- Citizenship: Bangladesh
- Occupation: Actress
- Years active: 1995–2000

= Anjuman Ara Shilpi =

Anjuman Ara Shilpi is a retired Bangladeshi film and television actress. Her first film, Banglar Commando, was released on 5 May 1995. She performed in 36 films between 1995 and 2000. She then retired from her acting career.

== Career ==
Shilpi grew up in Dhaka but her father is originally from India and mother from Narayanganj. Her maternal uncle helped her get on stage in Narayanganj.

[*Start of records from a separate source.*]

lemma Min_pairwise_tv_dist:
  fixes P :: "nat \<Rightarrow> 'a::finite pmf" and M :: nat
  defines "D \<equiv> Min {tv_dist (P i) (P j) | i j. i \<in> {1..M} \<and> j \<in> {1..M} \<and> i \<noteq> j}"
  assumes "M \<ge> 2"
  shows "D \<ge> 0" and "\<forall>k\<in>{1..M}. \<forall>l\<in>{1..M}. k \<noteq> l \<longrightarrow> D \<le> tv_dist (P k) (P l)"
proof -
  let ?S = "{tv_dist (P i) (P j) | i j. i \<in> {1..M} \<and> j \<in> {1..M} \<and> i \<noteq> j}"
  have "?S \<subseteq> (\<lambda>(i, j). tv_dist (P i) (P j)) ` ({1..M} \<times> {1..M})" by force
  hence fin: "finite ?S" by (rule finite_subset) simp
  have "tv_dist (P 1) (P 2) \<in> ?S" using assms(2) by force
  hence "D \<in> ?S" unfolding D_def using fin by (intro Min_in) auto
  thus "D \<ge> 0" using tv_dist_nonneg by auto
  show "\<forall>k\<in>{1..M}. \<forall>l\<in>{1..M}. k \<noteq> l \<longrightarrow> D \<le> tv_dist (P k) (P l)"
    unfolding D_def using fin by (blast intro: Min_le)
qed

section \<open>Empirical distributions and Scheffe sets\<close>

lemma sum_emp_eq_1:
  fixes t :: "nat \<Rightarrow> nat \<Rightarrow> 'a::finite"
  assumes "N \<ge> 1"
  shows "(\<Sum>a\<in>UNIV. emp N t k a) = 1"
proof -
  have "(\<Sum>a\<in>UNIV. card {m\<in>{1..N}. t k m = a}) = card (\<Union>a. {m\<in>{1..N}. t k m = a})"
    by (rule card_UN_disjoint[symmetric]) auto
  also have "(\<Union>a. {m\<in>{1..N}. t k m = a}) = {1..N}" by auto
  finally show ?thesis
    using assms unfolding emp_def by (simp add: sum_divide_distrib[symmetric] flip: of_nat_sum)
qed

lemma emp_set_deviation_lt:
  fixes t :: "nat \<Rightarrow> nat \<Rightarrow> 'a::finite"
  assumes "N \<ge> 1" and close: "\<forall>a. \<bar>emp N t k a - pmf p a\<bar> < \<epsilon>"
  shows "\<bar>emp_set N t k B - measure_pmf.prob p B\<bar> < real CARD('a) * \<epsilon> / 2"
proof -
  define h where "h a = emp N t k a - pmf p a" for a
  have h0: "(\<Sum>a\<in>UNIV. h a) = 0"
    using sum_emp_eq_1[OF assms(1)] by (simp add: h_def sum_subtractf sum_pmf_eq_1)
  have "\<bar>emp_set N t k B - measure_pmf.prob p B\<bar> = \<bar>\<Sum>a\<in>B. h a\<bar>"
    by (simp add: emp_set_def h_def measure_measure_pmf_finite sum_subtractf)
  also have "\<dots> \<le> (\<Sum>a\<in>UNIV. \<bar>h a\<bar>) / 2"
    using abs_sum_le_sum_nonneg_part[OF h0] sum_nonneg_part_eq_half_sum_abs[OF h0] by simp
  also have "(\<Sum>a\<in>UNIV. \<bar>h a\<bar>) < (\<Sum>a\<in>(UNIV::'a set). \<epsilon>)"
    using close by (intro sum_strict_mono) (auto simp: h_def)
  finally show ?thesis by simp
qed

lemma finite_scheffe_family: "finite (scheffe_family M N t)"
proof -
  have "scheffe_family M N t \<subseteq> (\<lambda>(k, l). scheffe N t k l) ` ({1..M} \<times> {1..M})"
    unfolding scheffe_family_def by force
  thus ?thesis by (rule finite_subset) simp
qed

lemma card_scheffe_family_le: "card (scheffe_family M N t) \<le> (M - 1)\<^sup>2"
proof -
  have "scheffe_family M N t \<subseteq> (\<lambda>(k, l). scheffe N t k l) ` ({1..M - 1} \<times> {2..M})"
    unfolding scheffe_family_def by force
  hence "card (scheffe_family M N t) \<le> card ((\<lambda>(k, l). scheffe N t k l) ` ({1..M - 1} \<times> {2..M}))"
    by (intro card_mono) auto
  also have "\<dots> \<le> card ({1..M - 1} \<times> {2..M})" by (rule card_image_le) simp
  finally show ?thesis by (simp add: power2_eq_square)
qed

lemma dgl_score_ge:
  "A \<in> scheffe_family M N t \<Longrightarrow> \<bar>emp_set N t j A - mu_n n x A\<bar> \<le> dgl_score M N n t x j"
  unfolding dgl_score_def using finite_scheffe_family by (intro Max_ge) auto

lemma dgl_score_lt:
  fixes t :: "nat \<Rightarrow> nat \<Rightarrow> 'a::finite"
  assumes "N \<ge> 1" "scheffe_family M N t \<noteq> {}"
    and train: "\<forall>a. \<bar>emp N t i a - pmf p a\<bar> < \<epsilon>"
    and test: "\<forall>A\<in>scheffe_family M N t. \<bar>mu_n n x A - measure_pmf.prob p A\<bar> < \<delta>"
  shows "dgl_score M N n t x i < real CARD('a) * \<epsilon> / 2 + \<delta>"
  unfolding dgl_score_def
proof (subst Max_less_iff, safe)
  fix A assume A: "A \<in> scheffe_family M N t"
  show "\<bar>emp_set N t i A - mu_n n x A\<bar> < real CARD('a) * \<epsilon> / 2 + \<delta>"
    using emp_set_deviation_lt[OF assms(1) train, of A] test[rule_format, OF A] by linarith
qed (use assms(2) finite_scheffe_family in auto)

lemma tv_dist_lt_emp_set_scheffe:
  fixes t :: "nat \<Rightarrow> nat \<Rightarrow> 'a::finite"
  assumes "N \<ge> 1"
    and close_k: "\<forall>a. \<bar>emp N t k a - pmf (P k) a\<bar> < \<epsilon>"
    and close_l: "\<forall>a. \<bar>emp N t l a - pmf (P l) a\<bar> < \<epsilon>"
  shows "tv_dist (P k) (P l) - real CARD('a) * \<epsilon>
         < emp_set N t k (scheffe N t k l) - emp_set N t l (scheffe N t k l)"
proof -
  define B where "B = {a. 0 \<le> pmf (P k) a - pmf (P l) a}"
  have "tv_dist (P k) (P l) = measure_pmf.prob (P k) B - measure_pmf.prob (P l) B"
    by (simp add: tv_dist_eq_sum_nonneg_part B_def measure_measure_pmf_finite sum_subtractf)
  moreover have "emp_set N t k B - emp_set N t l B
      \<le> emp_set N t k (scheffe N t k l) - emp_set N t l (scheffe N t k l)"
    using sum_le_sum_nonneg_part[of "\<lambda>a. emp N t k a - emp N t l a" B]
    by (simp add: emp_set_def scheffe_def sum_subtractf)
  ultimately show ?thesis
    using emp_set_deviation_lt[OF assms(1) close_k, of B] emp_set_deviation_lt[OF assms(1) close_l, of B]
    by linarith
qed

lemma misclassification_tv_dist_lt:
  fixes t :: "nat \<Rightarrow> nat \<Rightarrow> 'a::finite" and P :: "nat \<Rightarrow> 'a pmf"
  assumes N: "N \<ge> 1" and ij: "i \<in> {1..M}" "j \<in> {1..M}" "i \<noteq> j"
    and score: "dgl_score M N n t x j \<le> dgl_score M N n t x i"
    and train: "\<forall>k\<in>{1..M}. \<forall>a. \<bar>emp N t k a - pmf (P k) a\<bar> < \<epsilon>"
    and test: "\<forall>A\<in>scheffe_family M N t. \<bar>mu_n n x A - measure_pmf.prob (P i) A\<bar> < \<delta>"
  shows "tv_dist (P i) (P j) < 2 * real CARD('a) * \<epsilon> + 2 * \<delta>"
proof -
  define k l where "k = min i j" and "l = max i j"
  have kl: "k < l" "k \<in> {1..M}" "l \<in> {1..M}" using ij by (auto simp: k_def l_def)
  define A where "A = scheffe N t k l"
  have A: "A \<in> scheffe_family M N t" unfolding A_def scheffe_family_def using kl by auto
  have "tv_dist (P i) (P j) - real CARD('a) * \<epsilon> < emp_set N t k A - emp_set N t l A"
    using tv_dist_lt_emp_set_scheffe[OF N, of t k P \<epsilon> l] train kl ij
    by (auto simp: A_def k_def l_def min_def max_def tv_dist_commute)
  also have "\<dots> \<le> \<bar>emp_set N t i A - mu_n n x A\<bar> + \<bar>emp_set N t j A - mu_n n x A\<bar>"
    unfolding k_def l_def by (cases "i < j") (auto simp: min_def max_def)
  also have "\<dots> \<le> dgl_score M N n t x i + dgl_score M N n t x j"
    by (intro add_mono dgl_score_ge A)
  also have "\<dots> < real CARD('a) * \<epsilon> + 2 * \<delta>"
    using dgl_score_lt[OF N _ bspec[OF train ij(1)] test] A score by fastforce
  finally show ?thesis by linarith
qed

section \<open>Products of pmfs and Hoeffding's inequality\<close>

text \<open>The default value \<open>undefined\<close> is the one used by \<open>PiE\<close>, so the support of these
  product pmfs lies in \<open>test_space\<close> and \<open>train_space\<close>.\<close>

definition iid_pmf :: "nat \<Rightarrow> 'a pmf \<Rightarrow> (nat \<Rightarrow> 'a) pmf" where
  "iid_pmf n p = Pi_pmf {1..n} undefined (\<lambda>_. p)"

definition train_pmf :: "nat \<Rightarrow> nat \<Rightarrow> (nat \<Rightarrow> 'a pmf) \<Rightarrow> (nat \<Rightarrow> nat \<Rightarrow> 'a) pmf" where
  "train_pmf M N P = Pi_pmf {1..M} undefined (\<lambda>j. iid_pmf N (P j))"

Shilpi's first film acting role was in Nag Nortoki. But her first film, Bangla Commando, was released on 5 May 1995. She became notable after her performance with Salman Shah at the film Priyojon. She withdrew from making films in 2000. The last films of hers to be released were Razzak's Premer Naam Bedona and Dewan Nazrul's Sujon Bondhu.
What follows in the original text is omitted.